Miniproject: Invasive species - petermr/CEVOpen GitHub Wiki
- Kanishka Parashar
- The dictionary contains information about aggressive invasive plants present worldwide.
- It consists of 469 plant invasive species.
- The dictionary contains: terms, name, taxon_name, taxon_common_name,synonyms, wikidataIDs, wikidataURL, wikipedia page, image, map of present invasive species.
Link to dictionary: https://github.com/petermr/CEVOpen/blob/master/dictionary/Invasive_species/invasive_plant.xml
- Development of dictionary plant_invasive to serve as a tool searching and annotating scientific articles
- Testing of getpapers; a web scrapper for open-source scientific literature and using it for the creation of a corpus "invasive"
- Running a dictionary-based search within the created corpus and drawing relationships between plants and country.
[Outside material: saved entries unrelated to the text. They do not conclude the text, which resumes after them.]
(* Let $(F_S,\iota)$ be an embedded local étale algebra, $\Gamma\subseteq\mathrm{PGL}_2(F_S)$ a semi-simple plectic subgroup and $\gamma\in\Gamma$ an element of finite order. Then $\gamma$ fixes a polysimplex of $\mathcal T_\Gamma$.
   Context: Fix a prime $p$ and let $\mathbf{C}$ be the completion of an algebraic closure of $\mathbb{Q}_p$ or of $\mathbb{F}_p((T))$. An embedded local étale algebra $(F_S,\iota)$ consists of a finite non-empty set $S$, non-Archimedean local fields $F_\mathfrak p$ ($\mathfrak p\in S$) of residue characteristic $p$ and the same characteristic as $\mathbf C$, and embeddings $\iota_\mathfrak p\colon F_\mathfrak p\hookrightarrow\mathbf C$ (so $\mathbb P^1(F_\mathfrak p)\subseteq\mathbb P^1(\mathbf C)$). $\mathrm{PGL}_2(F_S)=\prod_\mathfrak p\mathrm{PGL}_2(F_\mathfrak p)$ acts componentwise by Möbius transformations on $\prod_{\mathfrak p\in S}\mathbb P^1(\mathbf C)$. The limit set $\mathcal L^S_\Gamma$ of a subgroup $\Gamma$ is the set of $x$ with $\gamma_j(y)\to x$ for some $y$ and pairwise distinct $\gamma_j\in\Gamma$. $\Gamma$ is plectic if $\mathcal L^S_\Gamma=\bigcup_\mathfrak p\big(\mathcal L_{\Gamma,\mathfrak p}\times\prod_{\mathfrak q\ne\mathfrak p}\mathbb P^1(\mathbf C)\big)$ for some subsets $\mathcal L_{\Gamma,\mathfrak p}\subseteq\mathbb P^1(F_\mathfrak p)$, and semi-simple if no $\mathcal L_{\Gamma,\mathfrak p}$ has exactly one element. For such $\Gamma$, $\mathcal T_{\Gamma,\mathfrak p}$ is a single vertex if $\mathcal L_{\Gamma,\mathfrak p}=\emptyset$, and otherwise the union of all geodesics in the Bruhat–Tits tree of $\mathrm{PGL}_2(F_\mathfrak p)$ (ends identified with $\mathbb P^1(F_\mathfrak p)$) joining two distinct points of $\mathcal L_{\Gamma,\mathfrak p}$; $\Gamma$ acts (via the projections) on the polysimplicial complex $\mathcal T_\Gamma=\prod_\mathfrak p\mathcal T_{\Gamma,\mathfrak p}$, whose polysimplices are products of vertices and edges of the factors. *)

theory Defs
  imports Complex_Main "HOL-Computational_Algebra.Polynomial"
begin

definition nonarch_abs :: "('c::field \<Rightarrow> real) \<Rightarrow> bool" where
  "nonarch_abs av \<longleftrightarrow> (\<forall>x. av x \<ge> 0) \<and> (\<forall>x. av x = 0 \<longleftrightarrow> x = 0)
     \<and> (\<forall>x y. av (x * y) = av x * av y) \<and> (\<forall>x y. av (x + y) \<le> max (av x) (av y))
     \<and> (\<exists>x. av x \<noteq> 0 \<and> av x \<noteq> 1)"
theorem proposition5p1:
  fixes n k :: nat and \<mu> q :: real and \<pi> :: "(nat \<Rightarrow> nat) \<Rightarrow> real"
  assumes "3 \<le> n" and "n \<le> k" and "\<mu> > 0" and "0 \<le> q" and "q \<le> 1"
    and "chain_stable n k" and "stationary n k \<pi>"
  shows "q * \<mu> * (real k - (real n - 1)) * infsum \<pi> (region n 0) = q * \<mu> * real k / real n"
proof -
  define c where "c = (real k - (real n - 1)) / real k"
  define p where "p = infsum \<pi> (region n 0)"
  have c_nonneg: "c \<ge> 0" and "1 \<le> n"
    using assms(1,2) by (simp_all add: c_def)
  have "((\<lambda>j. \<Sum>\<^sub>\<infinity>x\<in>states n. \<pi> x * of_bool (level n x = j)) has_sum 1) UNIV"
    by (rule nonneg_has_sum_fibres) (use assms(7) in \<open>auto simp: stationary_def\<close>)
  then have "((\<lambda>j. \<Sum>\<^sub>\<infinity>x\<in>states n. c * \<pi> x * of_bool (down_jump_spans n j x)) has_sum 1) UNIV"
    by (rule has_sum_cong[THEN iffD1, rotated])
       (simp only: c_def stationary_level_flow[OF assms(1,2,7)])
  from has_sum_unique[OF this stationary_has_sum_down_jump_spans[OF \<open>1 \<le> n\<close> c_nonneg assms(7)]]
  have "1 = c * p * real n"
    unfolding p_def .
  then have p_eq: "(real k - (real n - 1)) * p = real k / real n"
    using assms(1,2) by (simp add: c_def field_simps)
  have "q * \<mu> * (real k - (real n - 1)) * p = q * \<mu> * ((real k - (real n - 1)) * p)"
    by (simp only: mult.assoc)
  also have "\<dots> = q * \<mu> * real k / real n"
    unfolding p_eq by simp
  finally show ?thesis
    unfolding p_def .
qed
lemma rescaled_weight_tendsto: "(\<lambda>m. rescaled_weight m (n m)) \<longlonglongrightarrow> inner_const / 2 * levy_kernel y"
proof -
  have "(\<lambda>m. sqrt (real (n m)) * inner_weight (n m)) \<longlonglongrightarrow> inner_const"
    using sqrt_inner_weight_tendsto quadratic_seq_filterlim by (rule filterlim_compose)
  then have "(\<lambda>m. rescaled_weight m (n m)) \<longlonglongrightarrow> 2 * inner_const * exp (- 1 / (3 * y)) * (sqrt y / ((2 * y) * (2 * y)))"
    unfolding rescaled_weight_eq by (intro tendsto_intros ratio_prod_tendsto algebraic_factor_tendsto)
  also have "2 * inner_const * exp (- 1 / (3 * y)) * (sqrt y / ((2 * y) * (2 * y))) = inner_const / 2 * levy_kernel y"
    using \<open>y > 0\<close> real_sqrt_mult_self[of y] by (simp add: levy_kernel_def field_simps del: real_sqrt_mult_self)
  finally show ?thesis .
qed

end

lemma rescaled_weight_le:
  assumes "0 < t" "real n \<le> t" "t \<le> real m + real n"
  defines "u \<equiv> real m ^ 2 / t"
  shows "rescaled_weight m n \<le> inner_const / 2 * ratio_prod m n * (u * sqrt u)"
proof -
  have "2 * t \<le> 2 * real m + 2 * real n + 1" "2 * t \<le> 2 * real m + 2 * real n + 2"
    using assms(3) by simp_all
  then have "4 * t ^ 2 \<le> (2 * real m + 2 * real n + 1) * (2 * real m + 2 * real n + 2)"
    using mult_mono[of "2 * t" _ "2 * t"] \<open>0 < t\<close> by (simp add: power2_eq_square)
  then have "real m ^ 3 * sqrt (real n) / ((2 * real m + 2 * real n + 1) * (2 * real m + 2 * real n + 2))
      \<le> real m ^ 3 * sqrt t / (4 * t ^ 2)"
    using assms(1,2) by (intro frac_le mult_left_mono) auto
  also have "\<dots> = u * sqrt u / 4"
    using \<open>0 < t\<close> real_sqrt_mult_self[of t]
    by (simp add: u_def real_sqrt_divide field_simps power2_eq_square power3_eq_cube del: real_sqrt_mult_self)
  finally have factor: "real m ^ 3 * sqrt (real n) / ((2 * real m + 2 * real n + 1) * (2 * real m + 2 * real n + 2))
      \<le> u * sqrt u / 4" .
  have "rescaled_weight m n \<le> 2 * inner_const * ratio_prod m n * (u * sqrt u / 4)"
    unfolding rescaled_weight_eq using sqrt_inner_weight_le_const[of n] ratio_prod_pos[of m n] factor inner_const_pos
    by (intro mult_mono) (auto simp: inner_weight_pos less_imp_le)
  then show ?thesis by (simp add: mult_ac)
qed

lemma u_sqrt_u_exp_le:
  fixes u :: real
  assumes "u \<ge> 0"
  shows "u * sqrt u * exp (- u / 3) \<le> 10"
proof -
  have "2 * u / 9 \<le> exp (2 * u / 9)"
    using exp_ge_add_one_self[of "2 * u / 9"] by linarith
  then have "(2 * u / 9)^3 \<le> exp (2 * u / 9) ^ 3"
    using assms by (intro power_mono) auto
  also have "exp (2 * u / 9) ^ 3 = exp (u / 3) ^ 2"
    by (simp add: exp_of_nat_mult[symmetric])
  finally have "(2 * u / 9)^3 \<le> exp (u / 3) ^ 2" .
  have "(u * sqrt u)^2 = (729 / 8) * (2 * u / 9)^3"
    using assms by (simp add: power_mult_distrib power2_eq_square power3_eq_cube)
  also have "\<dots> \<le> (729 / 8) * exp (u / 3) ^ 2"
    using \<open>(2 * u / 9)^3 \<le> exp (u / 3) ^ 2\<close> by simp
  also have "\<dots> \<le> (10 * exp (u / 3))^2"
    by (simp add: power_mult_distrib)
  finally have "(u * sqrt u)^2 \<le> (10 * exp (u / 3))^2" .
  then have "u * sqrt u \<le> 10 * exp (u / 3)"
    by (rule power2_le_imp_le) simp
  then show ?thesis
    by (simp add: exp_minus field_simps)
qed

lemma rescaled_weight_le_const:
  assumes "m \<ge> 1" "n \<ge> 1"
  shows "rescaled_weight m n \<le> 5 * inner_const"
proof -
  define u where "u = real m ^ 2 / (real n + real m)"
  have "u \<ge> 0" by (simp add: u_def)
  have "u / 3 \<le> real m * (2 * real m + 1) / (6 * (real n + real m))"
    using assms by (simp add: u_def field_simps power2_eq_square)
  then have "exp (- (real m * (2 * real m + 1)) / (6 * (real n + real m))) \<le> exp (- u / 3)"
    by simp
  with ratio_prod_le_exp[of m n] have "ratio_prod m n \<le> exp (- u / 3)"
    by (rule order_trans)
  have "rescaled_weight m n \<le> inner_const / 2 * ratio_prod m n * (u * sqrt u)"
    using rescaled_weight_le[of "real n + real m" n m] assms by (simp add: u_def)
  also have "\<dots> \<le> inner_const / 2 * (u * sqrt u * exp (- u / 3))"
    using \<open>ratio_prod m n \<le> exp (- u / 3)\<close> \<open>u \<ge> 0\<close> inner_const_pos
    by (simp add: mult_left_mono mult_right_mono mult.commute mult.left_commute)
  also have "\<dots> \<le> inner_const / 2 * 10"
    using u_sqrt_u_exp_le[OF \<open>u \<ge> 0\<close>] inner_const_pos by (intro mult_left_mono) auto
  finally show ?thesis by simp
qed

lemma rescaled_weight_le_kernel:
  assumes "m \<ge> 1" "y \<ge> 1" "real m ^ 2 * y \<le> real n"
  shows "rescaled_weight m n \<le> inner_const * levy_kernel y"
proof -
  define u where "u = real m ^ 2 / real n"
  have "real m ^ 2 \<ge> 1" using assms(1) by simp
  then have "1 \<le> real m ^ 2 * y" using mult_mono[of 1 "real m ^ 2" 1 y] assms(2) by simp
  with assms(3) have "real n > 0" by linarith
  have "u \<le> 1 / y" "0 \<le> u"
    using assms \<open>real n > 0\<close> by (simp_all add: u_def field_simps)
  then have "u * sqrt u \<le> 1 / y * sqrt (1 / y)"
    using assms(2) by (intro mult_mono) auto
  also have "\<dots> \<le> 2 * exp (- 1 / (3 * y)) / (y * sqrt y)"
  proof -
    have "1 / (3 * y) \<le> 1 / 2" using assms(2) by (simp add: field_simps)
    then have "1 \<le> 2 * exp (- 1 / (3 * y))"
      using exp_ge_add_one_self[of "- 1 / (3 * y)"] by linarith
    then show ?thesis using assms(2) by (simp add: real_sqrt_divide field_simps)
  qed
  finally have "u * sqrt u \<le> 2 * levy_kernel y" by (simp add: levy_kernel_def)
  have "rescaled_weight m n \<le> inner_const / 2 * ratio_prod m n * (u * sqrt u)"
    using rescaled_weight_le[of "real n" n m] \<open>real n > 0\<close> by (simp add: u_def)
  also have "\<dots> = inner_const / 2 * (ratio_prod m n * (u * sqrt u))"
    by (simp only: mult.assoc)
  also have "\<dots> \<le> inner_const / 2 * (1 * (2 * levy_kernel y))"
  proof (rule mult_left_mono)
    show "ratio_prod m n * (u * sqrt u) \<le> 1 * (2 * levy_kernel y)"
      using mult_mono[OF ratio_prod_le_1 \<open>u * sqrt u \<le> 2 * levy_kernel y\<close>] \<open>0 \<le> u\<close> by simp
  qed (use inner_const_pos in simp)
  finally show ?thesis by simp
qed

section \<open>The L\<acute>evy law as an image of the normal law\<close>

definition levy_map :: "real \<Rightarrow> real" where
  "levy_map v = 2 / (3 * v ^ 2)"

lemma powr_three_halves: "y > 0 \<Longrightarrow> y powr (3 / 2) = y * sqrt (y :: real)"
  using powr_add[of y 1 "1 / 2"] by (simp add: powr_half_sqrt)

lemma levy_density_eq_kernel: "y > 0 \<Longrightarrow> levy_density y = levy_kernel y / sqrt (3 * pi)"
  by (simp add: levy_density_def levy_kernel_def powr_minus_divide powr_three_halves)

lemma levy_density_nonneg: "levy_density y \<ge> 0"
  by (simp add: levy_density_def)

lemma borel_measurable_levy_density [measurable]: "levy_density \<in> borel_measurable borel"
  unfolding levy_density_def by measurable

lemma levy_kernel_levy_map:
  assumes "v < 0"
  shows "levy_kernel (levy_map v) / sqrt (3 * pi) * (- 4 / (3 * v ^ 3)) = 2 * std_normal_density v"
proof -
  define w where "w = - v"
  have "w > 0" "v = - w" using assms by (simp_all add: w_def)
  have "sqrt (levy_map v) = sqrt 2 / (sqrt 3 * w)"
    using \<open>w > 0\<close> by (simp add: levy_map_def \<open>v = - w\<close> real_sqrt_divide real_sqrt_mult)
  moreover have "- 1 / (3 * levy_map v) = - (v ^ 2) / 2"
    using \<open>w > 0\<close> by (simp add: levy_map_def \<open>v = - w\<close> field_simps)
  moreover have "sqrt (3 * pi) = sqrt 3 * sqrt pi" "sqrt (2 * pi) = sqrt 2 * sqrt pi"
    by (simp_all add: real_sqrt_mult)
  moreover have "sqrt 2 > 0" "sqrt 3 > 0" "sqrt pi > 0" by simp_all
  ultimately show ?thesis
    using \<open>w > 0\<close> unfolding levy_kernel_def std_normal_density_def
    by (simp add: levy_map_def \<open>v = - w\<close> field_simps power2_eq_square power3_eq_cube)
qed

lemma levy_map_eq_inverse: "levy_map = (\<lambda>v. 2 / 3 * inverse (v ^ 2))"
  by (auto simp: levy_map_def field_simps)

lemma levy_map_tendsto_at_bot: "(levy_map \<longlongrightarrow> 0) at_bot"
proof -
  have "LIM v at_bot. (v::real) ^ 2 :> at_top"
    by (rule filterlim_pow_at_bot_even) (auto simp: filterlim_ident)
  then have "((\<lambda>v. 2 / 3 * inverse ((v::real) ^ 2)) \<longlongrightarrow> 2 / 3 * 0) at_bot"
    by (intro tendsto_intros tendsto_inverse_0_at_top)
  then show ?thesis by (simp add: levy_map_eq_inverse)
qed

lemma levy_map_at_left_0: "filterlim levy_map at_top (at_left 0)"
proof -
  have "filterlim (\<lambda>v::real. v ^ 2) (at_right 0) (at_left 0)"
    unfolding filterlim_at
    by (auto simp: eventually_at_filter intro!: tendsto_eq_intros)
  then have "filterlim (\<lambda>v::real. inverse (v ^ 2)) at_top (at_left 0)"
    by (rule filterlim_compose[OF filterlim_inverse_at_top_right])
  then show ?thesis
    unfolding levy_map_eq_inverse by (intro filterlim_tendsto_pos_mult_at_top[OF tendsto_const]) simp_all
qed

lemma set_integrable_std_normal_density:
  "A \<in> sets borel \<Longrightarrow> set_integrable lborel A (\<lambda>x. 2 * std_normal_density x)"
  unfolding set_integrable_def by (intro integrable_mult_indicator) auto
- Created a SPARQL Query by using values. Link: Invasive Species
-
getpapers
is a simple, powerful tool for querying repositories of scholarly articles using a simple one-line command. - It collects all freely available research papers in full text and xml format to your local machine.
-
Query code:
getpapers -q "(invasive plant species)" -k 100 -x -o invasive -f invasive/log.txt
- The command getpapers will initiate the process and -q refers to query which is to be searched. The query is entered in inverted commas as is done in "(invasive plant species) AND (essential oil)". The next element is -o which refers to output directory and the parameter that follows it in the name of the directory which is invasive in our case. Then, -x -p corresponds to xml and pdf files to be included in our search and -k 100 limits our search to 100 files omly.
- getpapers used to create corpus "invasive" of plant invasive species.
General code syntax: getpapers -q <"project title "> -o <file name> -x<xml> -p<pdf> -k <number of papers requied>
- ami is a framework for gathering, searching, transforming scholarly publications, oriented towards STEM (Science, technology, Engineering, Medicine, Mathematics).
Ami section which is used to section the research papers into the front, body, back ,floats and groups. Sectioning of downloaded files will create a tree structure for us which will help in exploring the content of the file. Sectioning done using section function of ami .Which runs on command prompt.
General code syntax: ami -p <cproject> section
Query code:
ami –p Invasive_species section
Ami search which search and analysis the terms in your project repository and gives the frequency is terms and the histogram of your corpus.
General code syntax: ami –p <cprooject><directory> search –dictionary <path>
Query code:
ami -p Invasive_species search --dictionary invasive_plant
For search_lib, download PAPERS into PROJECTS , find SECTIONS and index with (DICTIONARIES and/or PATTERNS) into a searchable KNOWLEDGEBASE and analyse for new INSIGHTS.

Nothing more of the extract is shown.